Configuring Anaconda with Spark¶
Overview¶
Apache Spark is an analytics engine and parallel computation framework with Scala, Python and R interfaces. Spark can load data directly from disk, memory and other data storage technologies such as Amazon S3, Hadoop Distributed File System (HDFS), HBase, Cassandra, and others.
You can install Spark on a cluster using an enterprise Hadoop distribution such as Cloudera CDH or Hortonworks HDP.
Different Ways to Use Spark with Anaconda¶
Spark scripts are often developed interactively and can be written as a Python script or in a Jupyter notebook.
A PySpark script can be submitted to a Spark cluster using various methods:
- Running the script directly on the head node.
- Using the spark-submit command either in Standalone mode or with the YARN resource manager.
- Interactively in an IPython shell or Jupyter Notebook on the cluster.
To run a script on the head node, simply execute python example.py
on the
cluster. Alternatively, you can install Jupyter Notebook on the cluster using
Anaconda Scale. Refer to the Installation documentation for more
information.
You can also use Anaconda Scale with enterprise Hadoop distributions such as Cloudera CDH or Hortonworks HDP. The sections below provide details on how to configure and use Anaconda with Spark jobs and initialize a SparkContext.
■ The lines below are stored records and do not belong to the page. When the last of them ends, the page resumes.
text \<open>Let S be the greedy k-set, T the first k - 1 greedy points and P an optimal k-set.
  Any two greedy points q_i, q_j (i < j) are at least as far apart as q_j is from its
  predecessors, which is at least the distance of q_k, and hence of every point, from T;
  so R_S \<le> R_T \<le> 2 r_S. Two pigeonhole arguments compare with P: two points of P share a
  nearest point of T, so 2 r_P \<le> R_T + R_P; and either two points of S share a nearest
  point of P, so 2 r_S \<le> 2 R_P, or every point of P is the nearest one of some point of S,
  so R_S \<le> 2 R_P. Eliminating r_P and R_P with \<alpha> = R_P / r_P gives the bound.\<close>

lemma dist_set_le: "finite S \<Longrightarrow> s \<in> S \<Longrightarrow> dist_set d x S \<le> d x s"
  unfolding dist_set_def by (rule Min_le) auto

lemma dist_set_attained:
  assumes "finite S" "S \<noteq> {}"
  obtains s where "s \<in> S" "dist_set d x S = d x s"
proof -
  have "Min ((\<lambda>s. d x s) ` S) \<in> (\<lambda>s. d x s) ` S" using assms by (intro Min_in) auto
  then show ?thesis using that unfolding dist_set_def by auto
qed

lemma dist_set_antimono:
  assumes "finite S'" "S \<noteq> {}" "S \<subseteq> S'"
  shows "dist_set d x S' \<le> dist_set d x S"
proof -
  obtain s where "s \<in> S" "dist_set d x S = d x s"
    using dist_set_attained assms finite_subset by metis
  then show ?thesis using assms dist_set_le by fastforce
qed

lemma dist_set_le_covering_radius:
  "finite M \<Longrightarrow> x \<in> M \<Longrightarrow> dist_set d x S \<le> covering_radius M d S"
  unfolding covering_radius_def by (rule Max_ge) auto

lemma covering_radius_attained:
  assumes "finite M" "M \<noteq> {}"
  obtains x where "x \<in> M" "covering_radius M d S = dist_set d x S"
proof -
  have "Max ((\<lambda>x. dist_set d x S) ` M) \<in> (\<lambda>x. dist_set d x S) ` M"
    using assms by (intro Max_in) auto
  then show ?thesis using that unfolding covering_radius_def by auto
qed

lemma covering_radius_le:
  "finite M \<Longrightarrow> M \<noteq> {} \<Longrightarrow> (\<And>x. x \<in> M \<Longrightarrow> dist_set d x S \<le> c) \<Longrightarrow> covering_radius M d S \<le> c"
  by (metis covering_radius_attained)

lemma covering_radius_antimono:
  "finite M \<Longrightarrow> M \<noteq> {} \<Longrightarrow> finite S \<Longrightarrow> T \<noteq> {} \<Longrightarrow> T \<subseteq> S
    \<Longrightarrow> covering_radius M d S \<le> covering_radius M d T"
  by (meson covering_radius_le dist_set_antimono dist_set_le_covering_radius order_trans)

lemma covering_radius_nonneg:
  assumes "finite M" "metric_on M d" "S \<subseteq> M" "S \<noteq> {}"
  shows "0 \<le> covering_radius M d S"
proof -
  have "M \<noteq> {}" "finite S" using assms(1,3,4) finite_subset by auto
  then obtain x where x: "x \<in> M" "covering_radius M d S = dist_set d x S"
    using covering_radius_attained assms(1) by metis
  moreover obtain s where "s \<in> S" "dist_set d x S = d x s"
    using dist_set_attained \<open>finite S\<close> assms(4) .
  ultimately show ?thesis using assms(2,3) unfolding metric_on_def by auto
qed

lemma finite_pairwise_distances:
  "finite S \<Longrightarrow> finite {d p q | p q. p \<in> S \<and> q \<in> S \<and> P p q}"
proof -
  assume "finite S"
  moreover have "{d p q | p q. p \<in> S \<and> q \<in> S \<and> P p q} \<subseteq> (\<lambda>(p, q). d p q) ` (S \<times> S)"
    by auto
  ultimately show ?thesis by (meson finite_SigmaI finite_imageI finite_subset)
qed

lemma packing_radius_le:
  "finite S \<Longrightarrow> p \<in> S \<Longrightarrow> p' \<in> S \<Longrightarrow> p \<noteq> p' \<Longrightarrow> 2 * packing_radius d S \<le> d p p'"
  unfolding packing_radius_def by (simp, intro Min_le finite_pairwise_distances) auto

lemma packing_radius_attained:
  assumes "finite S" "p \<in> S" "p' \<in> S" "p \<noteq> p'"
  obtains a b where "a \<in> S" "b \<in> S" "a \<noteq> b" "2 * packing_radius d S = d a b"
proof -
  have "Min {d a b | a b. a \<in> S \<and> b \<in> S \<and> a \<noteq> b} \<in> {d a b | a b. a \<in> S \<and> b \<in> S \<and> a \<noteq> b}"
    using assms by (intro Min_in finite_pairwise_distances) auto
  then show ?thesis using that unfolding packing_radius_def by auto
qed

lemma two_le_card_obtains_distinct:
  assumes "2 \<le> card A"
  obtains a b where "a \<in> A" "b \<in> A" "a \<noteq> b"
proof -
  obtain a B where "A = insert a B" "a \<notin> B" "1 \<le> card B"
    using assms card_le_Suc_iff[of 1 A] by auto
  moreover then obtain b where "b \<in> B" by fastforce
  ultimately show ?thesis using that by blast
qed

lemma packing_radius_pos:
  assumes "metric_on M d" "S \<subseteq> M" "2 \<le> card S"
  shows "0 < packing_radius d S"
proof -
  have "finite S" using assms(3) card.infinite by fastforce
  obtain p p' where "p \<in> S" "p' \<in> S" "p \<noteq> p'"
    using two_le_card_obtains_distinct assms(3) .
  then obtain a b where "a \<in> S" "b \<in> S" "a \<noteq> b" "2 * packing_radius d S = d a b"
    by (rule packing_radius_attained[OF \<open>finite S\<close>])
  then show ?thesis using assms(1,2) unfolding metric_on_def by (smt (verit) subsetD)
qed
lemma net_approximable_weight_derivative:
  assumes approx: "\<And>v. net_approximable s (\<lambda>t. t ^ m * g (v * t + b))"
    and g: "\<And>x. (g has_real_derivative g' x) (at x)" and cont: "continuous_on UNIV g'"
  shows "net_approximable s (\<lambda>t. t ^ Suc m * g' (v * t + b))"
proof (rule net_approximable_closure)
  \<comment> \<open>t ^ Suc m * g' (v * t + b) is the derivative in v of t ^ m * g (v * t + b), approximated by
    a difference quotient in v\<close>
  fix A B e :: real
  assume e: "e > 0"
  define C where "C = \<bar>A\<bar> + \<bar>B\<bar>"
  define R where "R = (\<bar>v\<bar> + 1) * C + \<bar>b\<bar>"
  define e' where "e' = e / (C ^ Suc m + 1)"
  have C: "C \<ge> 0"
    by (simp add: C_def)
  then have e': "e' > 0" "C ^ Suc m * e' \<le> e"
    using e by (simp_all add: e'_def field_simps add_pos_nonneg)
  have "uniformly_continuous_on (cball 0 R) g'"
    using cont by (intro compact_uniformly_continuous) (auto intro: continuous_on_subset)
  then obtain d where d: "d > 0"
    "\<And>x y. x \<in> cball 0 R \<Longrightarrow> y \<in> cball 0 R \<Longrightarrow> dist y x < d \<Longrightarrow> dist (g' y) (g' x) < e'"
    unfolding uniformly_continuous_on_def using e'(1) by metis
  define \<eta> where "\<eta> = min 1 (d / (C + 1))"
  have \<eta>: "\<eta> > 0" "\<eta> \<le> 1" "\<eta> * C < d"
  proof -
    show "\<eta> > 0" "\<eta> \<le> 1"
      using d C by (auto simp: \<eta>_def)
    have "\<eta> * C \<le> d / (C + 1) * C"
      using C by (intro mult_right_mono) (auto simp: \<eta>_def)
    also have "\<dots> < d"
      using d C by (simp add: field_simps)
    finally show "\<eta> * C < d" .
  qed
  define q where "q t = (1 / \<eta>) * (t ^ m * g ((v + \<eta>) * t + b) - t ^ m * g (v * t + b))" for t
  have "net_approximable s q"
    unfolding q_def by (intro net_approximable_scale net_approximable_diff approx)
  moreover have "\<bar>t ^ Suc m * g' (v * t + b) - q t\<bar> \<le> e" if "t \<in> {A..B}" for t
  proof -
    define p where "p = v * t + b"
    have t: "\<bar>t\<bar> \<le> C"
      using that by (auto simp: C_def)
    have "\<bar>g' z - g' p\<bar> \<le> e'" if "z \<in> closed_segment p (p + \<eta> * t)" for z
    proof -
      have zp: "\<bar>z - p\<bar> \<le> \<eta> * \<bar>t\<bar>"
        using dist_in_closed_segment[OF that] \<eta>(1) by (simp add: dist_real_def abs_mult)
      have "\<eta> * \<bar>t\<bar> \<le> \<eta> * C" "\<eta> * \<bar>t\<bar> \<le> C"
        using t \<eta> mult_mono[of \<eta> 1 "\<bar>t\<bar>" C] by auto
      moreover have "\<bar>p\<bar> \<le> \<bar>v\<bar> * C + \<bar>b\<bar>"
        using t abs_triangle_ineq[of "v * t" b] mult_left_mono[of "\<bar>t\<bar>" C "\<bar>v\<bar>"]
        by (simp add: p_def abs_mult)
      moreover have "\<bar>z\<bar> \<le> \<bar>p\<bar> + \<bar>z - p\<bar>"
        using abs_triangle_ineq[of p "z - p"] by simp
      ultimately have "p \<in> cball 0 R" "z \<in> cball 0 R" "dist z p < d"
        using zp \<eta>(3) C by (auto simp: R_def dist_real_def algebra_simps)
      from d(2)[OF this] show ?thesis
        by (simp add: dist_real_def)
    qed
    from power_weight_diff_quotient_error[where t=t and m=m and p=p, OF g \<eta>(1) this]
    have "\<bar>t ^ Suc m * g' (v * t + b) - q t\<bar> \<le> \<bar>t\<bar> ^ Suc m * e'"
      by (simp add: q_def p_def algebra_simps)
    also have "\<dots> \<le> C ^ Suc m * e'"
      using t e'(1) by (intro mult_right_mono power_mono) auto
    finally show ?thesis
      using e'(2) by simp
  qed
  ultimately show "\<exists>g. net_approximable s g \<and> (\<forall>t\<in>{A..B}. \<bar>t ^ Suc m * g' (v * t + b) - g t\<bar> \<le> e)"
    by blast
qed

lemma net_approximable_power_times_deriv:
  assumes "net_approximable s (g 0)"
    and g: "\<And>m x. m < k \<Longrightarrow> (g m has_real_derivative g (Suc m) x) (at x)"
    and cont: "\<And>m. m \<le> k \<Longrightarrow> continuous_on UNIV (g m)"
  shows "m \<le> k \<Longrightarrow> net_approximable s (\<lambda>t. t ^ m * g m (v * t + b))"
proof (induction m arbitrary: v)
  case 0
  then show ?case using net_approximable_affine[OF assms(1)] by simp
next
  case (Suc m)
  then show ?case
    by (intro net_approximable_weight_derivative[OF Suc.IH g cont]) auto
qed

lemma net_approximable_power:
  assumes "continuous_on UNIV s" "\<not> is_polynomial_fun s"
  shows "net_approximable s (\<lambda>t. t ^ k)"
proof -
  obtain S where S0: "S 0 = s" and S: "\<And>j x. (S (Suc j) has_real_derivative S j x) (at x)"
    using antiderivative_chain_exists[OF assms(1)] by blast
  obtain h b where h: "h > 0" and nonzero: "fwd_diff h k s b \<noteq> 0"
    using nonpolynomial_fwd_diff_nonzero[OF S0 assms(1) S assms(2)] by blast
  define g where "g m = fwd_diff h k (S (k - m))" for m
  have "net_approximable s (\<lambda>t. t ^ k * g k (0 * t + b))"
  proof (rule net_approximable_power_times_deriv)
    show "net_approximable s (g 0)"
      unfolding g_def using net_approximable_fwd_diff_chain[OF S0 assms(1) S h] by simp
    show "(g m has_real_derivative g (Suc m) x) (at x)" if "m < k" for m x
      unfolding g_def using has_real_derivative_fwd_diff_chain[where S=S, OF S that] .
    show "continuous_on UNIV (g m)" for m
      unfolding g_def using continuous_on_antiderivative_chain[where S=S, OF _ S] S0 assms(1)
      by (intro continuous_on_fwd_diff) simp
  qed simp
  then have "net_approximable s (\<lambda>t. fwd_diff h k s b * t ^ k)"
    by (simp add: g_def S0 mult.commute)
  from net_approximable_scale[OF this, of "1 / fwd_diff h k s b"] nonzero show ?thesis
    by simp
qed

lemma net_approximable_continuous:
  assumes "continuous_on UNIV s" "\<not> is_polynomial_fun s" "continuous_on UNIV f"
  shows "net_approximable s f"
proof (rule net_approximable_closure)
  fix A B e :: real
  assume "e > 0"
  then obtain g where g: "polynomial_function g" "\<forall>x\<in>{A..B}. norm (f x - g x) < e"
    using Stone_Weierstrass_polynomial_function[of "{A..B}" f e] assms(3)
    by (auto intro: continuous_on_subset)
  then obtain c n where g_eq: "g = (\<lambda>x. \<Sum>i\<le>n. c i * x ^ i)"
    by (auto simp: real_polynomial_function_eq[symmetric] real_polynomial_function_iff_sum)
  have "net_approximable s (\<lambda>x. \<Sum>i<Suc n. c i * x ^ i)"
    by (intro net_approximable_sum net_approximable_scale net_approximable_power assms(1,2))
  then have "net_approximable s g"
    by (simp add: g_eq lessThan_Suc_atMost)
  with g(2) show "\<exists>g. net_approximable s g \<and> (\<forall>t\<in>{A..B}. \<bar>f t - g t\<bar> \<le> e)"
    by (auto intro: less_imp_le)
qed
Configuring Anaconda for Spark jobs¶
Configuring Anaconda with the spark-submit
command¶
You can submit Spark jobs using the PYSPARK_PYTHON
environment variable that
refers to the location of the Python executable in Anaconda, for example:
$ PYSPARK_PYTHON=/opt/continuum/anaconda/bin/python spark-submit pyspark_script.py
Configuring Anaconda with Jupyter Notebooks and Cloudera CDH¶
You can configure Jupyter Notebooks to use Anaconda Scale with Cloudera CDH using the following Python code at the top of your notebook:
import os
import sys
os.environ["PYSPARK_PYTHON"] = "/opt/continuum/anaconda/bin/python"
os.environ["JAVA_HOME"] = "/usr/java/jdk1.7.0_67-cloudera/jre"
os.environ["SPARK_HOME"] = "/opt/cloudera/parcels/CDH/lib/spark"
os.environ["PYLIB"] = os.environ["SPARK_HOME"] + "/python/lib"
sys.path.insert(0, os.environ["PYLIB"] +"/py4j-0.9-src.zip")
sys.path.insert(0, os.environ["PYLIB"] +"/pyspark.zip")
The above configuration was tested with Cloudera CDH 5.9 and Spark 1.6. Depending on the version of Cloudera CDH that you have installed, you might need to customize these paths according to the location of Java, Spark, and Anaconda on your cluster.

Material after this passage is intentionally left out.